Damn, there’s John… the guy voted “most likely to succeed”. I imagine talking to him about his medical practice, but I soon find out that he just got out of jail due to the 300 pounds of meth he was cooking in his mother’s trailer.
Over there is Stacey, the one who would cry if you mentioned one word about sex. Nice pack of rats, I mean kids, you now have. She truly must have been born with 10 fallopian tubes. 15 years, and 11 kids, so much for the crying about a great cock and balls joke.
The list goes on and on… From Bill the junkie, to Chris, or now affectionately known as Christina. When people ask what I do I see their eyes glaze over, as I am sure they see mine glaze due to the redundancy in finding out that some still live with their parents, and due to the information some share with me that they can’t figure out why they can’t get a third mortgage on their trailers. Most don’t have all of their real teeth, and some haven’t bothered to get any kind of replacement.

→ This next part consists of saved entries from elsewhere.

(* Let $n\in\mathbb{Z}_{++}$, let $G=[g_{ij}]\in\mathbb{R}_+^{n\times n}$ be an entrywise nonnegative matrix, and let $\alpha,p\in\mathbb{R}$ with $\alpha\ge p$, $\beta\in[0,1)$ and $\delta\in(0,1)$. Assume the spectral radius of $G$ satisfies $\rho(G)\le \Lambda_{\max}$ for some $0<\Lambda_{\max}<\frac{1}{\delta(1+\beta)}$. For seeding vectors $\bar{\mathbf s},\underline{\mathbf s}\in\mathbb{R}^n_+$ define the sequences $\bar{\mathbf x}(k),\underline{\mathbf x}(k)\in\mathbb{R}^n$, $k\in\mathbb{Z}_+$, by $\bar{\mathbf x}(0)=\bar{\mathbf s}$, $\underline{\mathbf x}(0)=\underline{\mathbf s}$ and $$\bar{\mathbf x}(k+1)=(\alpha-p)\mathbf 1_n+G\bar{\mathbf x}(k)+\beta G\underline{\mathbf x}(k),\qquad \underline{\mathbf x}(k+1)=(\alpha-p)\mathbf 1_n+G\underline{\mathbf x}(k)+\beta G\bar{\mathbf x}(k),$$ and define the utilities $$\bar{\mathfrak U}(\bar{\mathbf s},\underline{\mathbf s})=p\sum_{k=0}^{\infty}\delta^k\mathbf 1_n^\top\bar{\mathbf x}(k)-\tfrac12\|\bar{\mathbf s}\|_2^2,\qquad \underline{\mathfrak U}(\bar{\mathbf s},\underline{\mathbf s})=p\sum_{k=0}^{\infty}\delta^k\mathbf 1_n^\top\underline{\mathbf x}(k)-\tfrac12\|\underline{\mathbf s}\|_2^2.$$ Let $\mathbf c=[c_1,\dots,c_n]^\top=\tfrac12\big(I_n-\delta(1-\beta)G^\top\big)^{-1}\mathbf 1_n+\tfrac12\big(I_n-\delta(1+\beta)G^\top\big)^{-1}\mathbf 1_n$. Then for every $i\in[n]$, $$\frac{\partial\bar{\mathfrak U}}{\partial\bar s_i}=p\,c_i-\bar s_i,\qquad \frac{\partial\underline{\mathfrak U}}{\partial\underline s_i}=p\,c_i-\underline s_i.$$
   Context: $\mathbf 1_n$ is the all-ones vector in $\mathbb{R}^n$, $[n]=\{1,\dots,n\}$. The vector $(I_n-aG^\top)^{-1}\mathbf 1_n$ is the Katz–Bonacich centrality of $G$ with attenuation factor $a$. Interpretation: $\bar x_i(k)$ and $\underline x_i(k)$ are agent $i$'s consumption of the products of firm $a$ and firm $b$ at time $k$, and $\bar{\mathbf s},\underline{\mathbf s}$ are the two firms' seedings. *)

theory Defs
  imports "HOL-Analysis.Analysis"
begin

definition cmat :: "real^'n^'n \<Rightarrow> complex^'n^'n" where
  "cmat G = (\<chi> i j. complex_of_real (G $ i $ j))"

definition eigenvalues :: "real^'n^'n \<Rightarrow> complex set" where
  "eigenvalues G = {l. \<exists>v::complex^'n. v \<noteq> 0 \<and> cmat G *v v = l *s v}"

definition spectral_radius :: "real^'n^'n \<Rightarrow> real" where
  "spectral_radius G = Sup (cmod ` eigenvalues G)"

definition ones :: "real^'n" where
  "ones = (\<chi> i. 1)"

fun traj :: "real^'n^'n \<Rightarrow> real \<Rightarrow> real \<Rightarrow> real \<Rightarrow> real^'n \<Rightarrow> real^'n \<Rightarrow> nat
             \<Rightarrow> (real^'n) \<times> (real^'n)" where
  "traj G \<alpha> p \<beta> sb su 0 = (sb, su)"
| "traj G \<alpha> p \<beta> sb su (Suc k) =
     (let xb = fst (traj G \<alpha> p \<beta> sb su k); xu = snd (traj G \<alpha> p \<beta> sb su k) in
      ((\<alpha> - p) *\<^sub>R ones + G *v xb + \<beta> *\<^sub>R (G *v xu),
       (\<alpha> - p) *\<^sub>R ones + G *v xu + \<beta> *\<^sub>R (G *v xb)))"

definition xbar where "xbar G \<alpha> p \<beta> sb su k = fst (traj G \<alpha> p \<beta> sb su k)"
definition xund where "xund G \<alpha> p \<beta> sb su k = snd (traj G \<alpha> p \<beta> sb su k)"

definition Ubar :: "real^'n^'n \<Rightarrow> real \<Rightarrow> real \<Rightarrow> real \<Rightarrow> real \<Rightarrow> real^'n \<Rightarrow> real^'n \<Rightarrow> real" where
  "Ubar G \<alpha> p \<beta> \<delta> sb su =
     p * (\<Sum>k. \<delta> ^ k * (ones \<bullet> xbar G \<alpha> p \<beta> sb su k)) - (1/2) * (norm sb)\<^sup>2"

definition Uund :: "real^'n^'n \<Rightarrow> real \<Rightarrow> real \<Rightarrow> real \<Rightarrow> real \<Rightarrow> real^'n \<Rightarrow> real^'n \<Rightarrow> real" where
  "Uund G \<alpha> p \<beta> \<delta> sb su =
     p * (\<Sum>k. \<delta> ^ k * (ones \<bullet> xund G \<alpha> p \<beta> sb su k)) - (1/2) * (norm su)\<^sup>2"

definition cvec :: "real^'n^'n \<Rightarrow> real \<Rightarrow> real \<Rightarrow> real^'n" where
  "cvec G \<beta> \<delta> =
     (1/2) *\<^sub>R (matrix_inv (mat 1 - (\<delta> * (1 - \<beta>)) *\<^sub>R transpose G) *v ones)
   + (1/2) *\<^sub>R (matrix_inv (mat 1 - (\<delta> * (1 + \<beta>)) *\<^sub>R transpose G) *v ones)"

end

(* Write M+ = delta (1 + beta) G and M- = delta (1 - beta) G.  Discounting by delta^k, the sum
   xbar(k) + xund(k) obeys a linear recurrence with matrix M+ and constant forcing, and the
   difference xbar(k) - xund(k) the homogeneous recurrence with matrix M-.  The bound on the
   spectral radius makes the powers of both matrices decay geometrically (via the Jordan normal
   form), so every series converges absolutely, and the Neumann series
   sum_k 1^T M^k v = ((I - M^T)^-1 1)^T v shows that the discounted consumption of firm a equals
   c^T sbar plus a term independent of sbar.  Hence Ubar is p c^T sbar - |sbar|^2/2 plus a
   constant in sbar; the dynamics are symmetric under swapping the firms, which gives Uund. *)
theory Submission
  imports Defs Jordan_Normal_Form.Spectral_Radius
begin

no_notation vec_index (infixl "$" 100)
no_notation scalar_prod (infix "\<bullet>" 70)
hide_const (open) Matrix.mat Matrix.vec Matrix.row Matrix.col Spectral_Radius.spectral_radius

section \<open>Matrix powers and exponential stability\<close>

primrec matpow :: "'a::semiring_1^'n^'n \<Rightarrow> nat \<Rightarrow> 'a^'n^'n" where
  "matpow M 0 = mat 1"
| "matpow M (Suc k) = M ** matpow M k"

lemma matpow_Suc_right: "matpow M (Suc k) = matpow M k ** M"
  by (induction k) (simp_all add: matrix_mul_assoc)

lemma matpow_scaleR: "matpow (c *\<^sub>R M) k = c ^ k *\<^sub>R matpow (M :: real^'n^'n) k"
  by (induction k) (simp_all add: matrix_scalar_ac scalar_matrix_assoc[symmetric])

lemma linear_recurrence_closed_form:
  fixes M :: "real^'n^'n"
  assumes rec: "\<And>k. z (Suc k) = b k + M *v z k"
  shows "z k = matpow M k *v z 0 + (\<Sum>j<k. matpow M (k - Suc j) *v b j)"
proof (induction k)
  case 0
  then show ?case by simp
next
  case (Suc k)
  have "(\<Sum>j<k. M *v (matpow M (k - Suc j) *v b j)) = (\<Sum>j<k. matpow M (Suc k - Suc j) *v b j)"
  proof (rule sum.cong)
    fix j assume "j \<in> {..<k}"
    then have "Suc k - Suc j = Suc (k - Suc j)" by simp
    then show "M *v (matpow M (k - Suc j) *v b j) = matpow M (Suc k - Suc j) *v b j"
      by (simp add: matrix_vector_mul_assoc)
  qed simp
  then show ?case
    using Suc
    by (simp add: rec matrix_vector_right_distrib linear_sum[OF matrix_vector_mul_linear]
        matrix_vector_mul_assoc add.assoc)
qed

definition exp_stable :: "real^'n^'n \<Rightarrow> bool" where
  "exp_stable M \<longleftrightarrow>
     (\<exists>C q. 0 \<le> C \<and> 0 \<le> q \<and> q < 1 \<and> (\<forall>k v. norm (matpow M k *v v) \<le> C * q ^ k * norm v))"

lemma exp_stable_tendsto_zero:
  assumes "exp_stable M"
  shows "(\<lambda>k. matpow M k *v v) \<longlonglongrightarrow> 0"
proof -
  obtain C q where q: "0 \<le> q" "q < 1" and bound: "\<And>k. norm (matpow M k *v v) \<le> C * q ^ k * norm v"
    using assms unfolding exp_stable_def by blast
  have "(\<lambda>k. q ^ k) \<longlonglongrightarrow> 0"
    using q by (simp add: LIMSEQ_power_zero)
  then have lim: "(\<lambda>k. q ^ k * (C * norm v)) \<longlonglongrightarrow> 0"
    by (rule tendsto_mult_left_zero)
  have "\<forall>k. norm (matpow M k *v v) \<le> q ^ k * (C * norm v)"
    using bound by (simp add: mult_ac)
  from Lim_null_comparison[OF always_eventually[OF this] lim] show ?thesis .
qed

lemma exp_stable_invertible:
  assumes "exp_stable M"
  shows "invertible (mat 1 - M)"
proof -
  have "inj ((*v) (mat 1 - M))"
  proof (rule injI)
    fix x y
    assume "(mat 1 - M) *v x = (mat 1 - M) *v y"
    define d where "d = x - y"
    then have "(mat 1 - M) *v d = 0"
      using \<open>(mat 1 - M) *v x = _\<close> by (simp add: matrix_vector_mult_diff_distrib)
    then have fixed: "M *v d = d"
      by (simp add: matrix_vector_mult_diff_rdistrib)
    have "matpow M k *v d = d" for k
      by (induction k) (simp_all add: matrix_vector_mul_assoc[symmetric] fixed)
    then show "x = y"
      using exp_stable_tendsto_zero[OF assms, of d] by (simp add: LIMSEQ_const_iff d_def)
  qed
  then show ?thesis
    by (simp add: invertible_left_inverse matrix_left_invertible_injective)
qed

lemma exp_stable_neumann_sums:
  assumes "exp_stable M"
  shows "(\<lambda>k. u \<bullet> (matpow M k *v v)) sums ((matrix_inv (mat 1 - transpose M) *v u) \<bullet> v)"
proof -
  have "transpose (mat 1 - M) = mat 1 - transpose M"
    by (simp add: transpose_def Finite_Cartesian_Product.mat_def
        Finite_Cartesian_Product.vec_eq_iff)
  then have "invertible (mat 1 - transpose M)"
    by (metis exp_stable_invertible[OF assms] transpose_invertible)
  then have "(mat 1 - transpose M) ** matrix_inv (mat 1 - transpose M) = mat 1"
    unfolding invertible_def matrix_inv_def by (rule someI_ex[THEN conjunct1])
  define y where "y = matrix_inv (mat 1 - transpose M) *v u"
  have "(mat 1 - transpose M) *v y = u"
    unfolding y_def matrix_vector_mul_assoc \<open>_ ** _ = mat 1\<close> by simp
  then have y: "y - y v* M = u"
    by (simp add: matrix_vector_mult_diff_rdistrib)
  define h where "h k = y \<bullet> (matpow M k *v v)" for k
  have "u \<bullet> (matpow M k *v v) = h k - h (Suc k)" for k
    unfolding h_def y[symmetric]
    by (simp add: inner_diff_left dot_lmul_matrix matrix_vector_mul_assoc[symmetric])
  moreover have "h \<longlonglongrightarrow> 0"
    unfolding h_def using tendsto_inner[OF tendsto_const exp_stable_tendsto_zero[OF assms]] by simp
  ultimately show ?thesis
    using telescope_sums'[of h 0] by (simp add: h_def y_def)
qed

lemma summable_Suc_mult_power:
  fixes r :: real
  assumes "0 \<le> r" "r < 1"
  shows "summable (\<lambda>k. real (Suc k) * r ^ k)"
  using termdiff_converges[of r 1 "\<lambda>_. 1"] assms by (simp add: diffs_def summable_geometric)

After general chitchat, we finally move on to the only place that could make this a halfway decent time; The bar. Not once in my life have I ever had a bad time at a bar, and today will not be any different.
I must have bought 10 rounds of drinks for everyone. I didn’t see anyone else that I thought was going to buy, so I figured “why not?” The one thing that did make me laugh out loud was the women that wanted to hook up on the spot. I have to tell them I am married, and have been for 15 years. I hear many congratulations on that day, and tales of how two or three divorces can really take a toll on a woman’s ass. The ones that really came off as nuts were the ones that told me that since your wife isn’t here you really couldn’t consider it cheating. My reply was; “You wouldn’t give it up when I was begging for it in school, why now?” And the usual answer was; “Well, that was then, this is now. There is a bathroom in the back we can go to, isn’t there?”
All in all, it was a fun time to see that only a few had made it out. The sad part to me was that most had fallen into the same cracks that their parents or friends had. The most obvious thing that came to me was wondering was I just lucky that I could see the future that I would have had if I stayed, or was it dumb luck? To see so many people that I thought would have been leaders, CEO’s, or just productive people, only to become something even they would never have imagined.
It still looked good, only it looked a whole lot better in my rear view mirror. AGAIN.